▶ _TASK DESCRIPTION_
In the entries below, filter for the word "shows" and copy every matching line.

▶ _SOURCE INFORMATION_
------------------------------------
lemma avoiding_probability:
  assumes "x \<in> SS"
  shows "avoiding_expectation I p s y (\<lambda>_. 1) N x = 1 - (\<Sum>k<N. first_passage kernel {y} (Suc k) x)"
  using assms
proof (induction N arbitrary: x)
  case (Suc N)
  have "avoiding_expectation I p s y (\<lambda>_. 1) (Suc N) x
      = (\<Sum>l\<in>I. if s l x = y then 0 else p l x)
        - (\<Sum>l\<in>I. if s l x = y then 0
             else p l x * (\<Sum>k<N. first_passage kernel {y} (Suc k) (s l x)))"
    using Suc by (simp add: s_closed right_diff_distrib sum_subtractf[symmetric] if_distrib
        cong: if_cong)
  also have "(\<Sum>l\<in>I. if s l x = y then 0 else p l x)
      = (\<Sum>l\<in>I. p l x) - (\<Sum>l\<in>I. if s l x = y then p l x else 0)"
    unfolding sum_subtractf[symmetric] by (rule sum.cong) auto
  also have "\<dots> = 1 - first_passage kernel {y} (Suc 0) x"
    unfolding first_passage_Suc_0 p_sum[OF Suc.prems] ..
  also have "(\<Sum>l\<in>I. if s l x = y then 0
               else p l x * (\<Sum>k<N. first_passage kernel {y} (Suc k) (s l x)))
      = (\<Sum>k<N. first_passage kernel {y} (Suc (Suc k)) x)"
    unfolding first_passage_Suc_Suc sum_distrib_left
    by (subst sum.swap) (auto intro!: sum.cong)
  finally show ?case
    unfolding sum.lessThan_Suc_shift by (simp only: diff_diff_eq)
qed simp

lemma avoiding_expectation_Suc_le:
  assumes "x \<in> SS" and "0 \<le> h y"
    and "\<And>z. z \<in> SS \<Longrightarrow> avoiding_expectation I p s y h N z \<le> h z"
  shows "avoiding_expectation I p s y h (Suc N) x \<le> (\<Sum>l\<in>I. p l x * h (s l x))"
  unfolding avoiding_expectation.simps
  using assms by (intro sum_mono) (auto simp: p_nonneg s_closed intro: mult_left_mono)
lemma sum_sign_mult_le_signed_count:
  assumes "finite J" and "\<And>t p. c t p \<in> J" and "\<And>j. j \<in> J \<Longrightarrow> \<bar>D j\<bar> \<le> B"
  shows "(\<Sum>t<T. s ! t * D (c t (take t s))) \<le> B * (\<Sum>j\<in>J. \<bar>signed_count c T j s\<bar>)"
proof -
  have bound: "D j * signed_count c T j s \<le> B * \<bar>signed_count c T j s\<bar>" if "j \<in> J" for j
  proof -
    have "D j * signed_count c T j s \<le> \<bar>D j\<bar> * \<bar>signed_count c T j s\<bar>"
      by (metis abs_ge_self abs_mult)
    also have "\<dots> \<le> B * \<bar>signed_count c T j s\<bar>"
      using assms(3) [OF that] by (rule mult_right_mono) simp
    finally show ?thesis .
  qed
  have "(\<Sum>t<T. s ! t * D (c t (take t s))) = (\<Sum>j\<in>J. D j * signed_count c T j s)"
    by (rule sum_sign_mult_eq_signed_count [OF assms(1,2)])
  also have "\<dots> \<le> (\<Sum>j\<in>J. B * \<bar>signed_count c T j s\<bar>)"
    using bound by (rule sum_mono)
  finally show ?thesis
    by (simp only: sum_distrib_left)
qed

definition cell :: "nat \<Rightarrow> real \<Rightarrow> nat" where
  "cell k x = nat \<lfloor>4 ^ k * x\<rfloor>"

definition grid_point :: "nat \<Rightarrow> real \<Rightarrow> real" where
  "grid_point k x = real (cell k x) / 4 ^ k"

lemma grid_point_eq_floor: "0 \<le> x \<Longrightarrow> grid_point k x = \<lfloor>4 ^ k * x\<rfloor> / 4 ^ k"
  by (simp add: grid_point_def cell_def)

lemma grid_point_le:
  assumes "0 \<le> x"
  shows "grid_point k x \<le> x"
proof -
  have "of_int \<lfloor>4 ^ k * x\<rfloor> \<le> (4::real) ^ k * x"
    by (rule of_int_floor_le)
  then show ?thesis
    using assms by (simp add: grid_point_eq_floor divide_le_eq mult.commute)
qed

lemma diff_grid_point_le:
  assumes "0 \<le> x"
  shows "x - grid_point k x \<le> 1 / 4 ^ k"
proof -
  have "(4::real) ^ k * x < of_int \<lfloor>4 ^ k * x\<rfloor> + 1"
    by (rule real_of_int_floor_add_one_gt)
  then have "x < (of_int \<lfloor>4 ^ k * x\<rfloor> + 1) / 4 ^ k"
    by (simp add: pos_less_divide_eq mult.commute)
  then show ?thesis
    using assms by (simp add: grid_point_eq_floor add_divide_distrib)
qed

lemma grid_point_in_unit:
  assumes "x \<in> {0..1}"
  shows "grid_point k x \<in> {0..1}"
proof -
  have "0 \<le> grid_point k x"
    by (simp add: grid_point_def)
  moreover have "grid_point k x \<le> x"
    using assms by (simp add: grid_point_le)
  ultimately show ?thesis
    using assms by simp
qed

lemma cell_le: "x \<le> 1 \<Longrightarrow> cell k x \<le> 4 ^ k"
proof -
  assume "x \<le> 1"
  then have "(4::real) ^ k * x \<le> 4 ^ k"
    by simp
  then have "\<lfloor>(4::real) ^ k * x\<rfloor> \<le> 4 ^ k"
    by (metis floor_mono floor_of_int of_int_numeral of_int_power)
  then show ?thesis
    unfolding cell_def by (simp add: nat_le_iff)
qed

lemma cell_Suc_div: "0 \<le> x \<Longrightarrow> cell (Suc k) x div 4 = cell k x"
proof -
  assume x: "0 \<le> x"
  have "\<lfloor>(4::real) ^ k * x\<rfloor> = \<lfloor>4 * (4 ^ k * x) / real_of_int 4\<rfloor>"
    by simp
  also have "\<dots> = \<lfloor>4 * (4 ^ k * x)\<rfloor> div 4"
    by (rule floor_divide_real_eq_div) simp
  finally have "\<lfloor>(4::real) ^ k * x\<rfloor> = \<lfloor>(4::real) ^ Suc k * x\<rfloor> div 4"
    by (simp add: mult.assoc)
  moreover have "0 \<le> \<lfloor>(4::real) ^ Suc k * x\<rfloor>"
    using x by simp
  ultimately show ?thesis
    unfolding cell_def by (simp add: nat_div_distrib)
qed

text \<open>\<open>f (grid_point k x) - f (grid_point (k - 1) x)\<close> (just \<open>f (grid_point 0 x)\<close> for \<open>k = 0\<close>),
  written as a function of the cell \<open>j = cell k x\<close>, whose parent cell is \<open>j div 4\<close>.\<close>

definition grid_increment :: "(real \<Rightarrow> real) \<Rightarrow> nat \<Rightarrow> nat \<Rightarrow> real" where
  "grid_increment f k j = (case k of
      0 \<Rightarrow> f (real j)
    | Suc m \<Rightarrow> f (real j / 4 ^ Suc m) - f (real (j div 4) / 4 ^ m))"

lemma sum_grid_increment_cell:
  "0 \<le> x \<Longrightarrow> (\<Sum>k\<le>K. grid_increment f k (cell k x)) = f (grid_point K x)"
  by (induction K) (simp_all add: grid_increment_def grid_point_def cell_Suc_div)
------------------------------------
▶ _RESPONSE TO THIS EXERCISE_
  shows "avoiding_expectation I p s y (\<lambda>_. 1) N x = 1 - (\<Sum>k<N. first_passage kernel {y} (Suc k) x)"
  shows "avoiding_expectation I p s y h (Suc N) x \<le> (\<Sum>l\<in>I. p l x * h (s l x))"
  shows "(\<Sum>t<T. s ! t * D (c t (take t s))) \<le> B * (\<Sum>j\<in>J. \<bar>signed_count c T j s\<bar>)"
  shows "grid_point k x \<le> x"
  shows "x - grid_point k x \<le> 1 / 4 ^ k"
  shows "grid_point k x \<in> {0..1}"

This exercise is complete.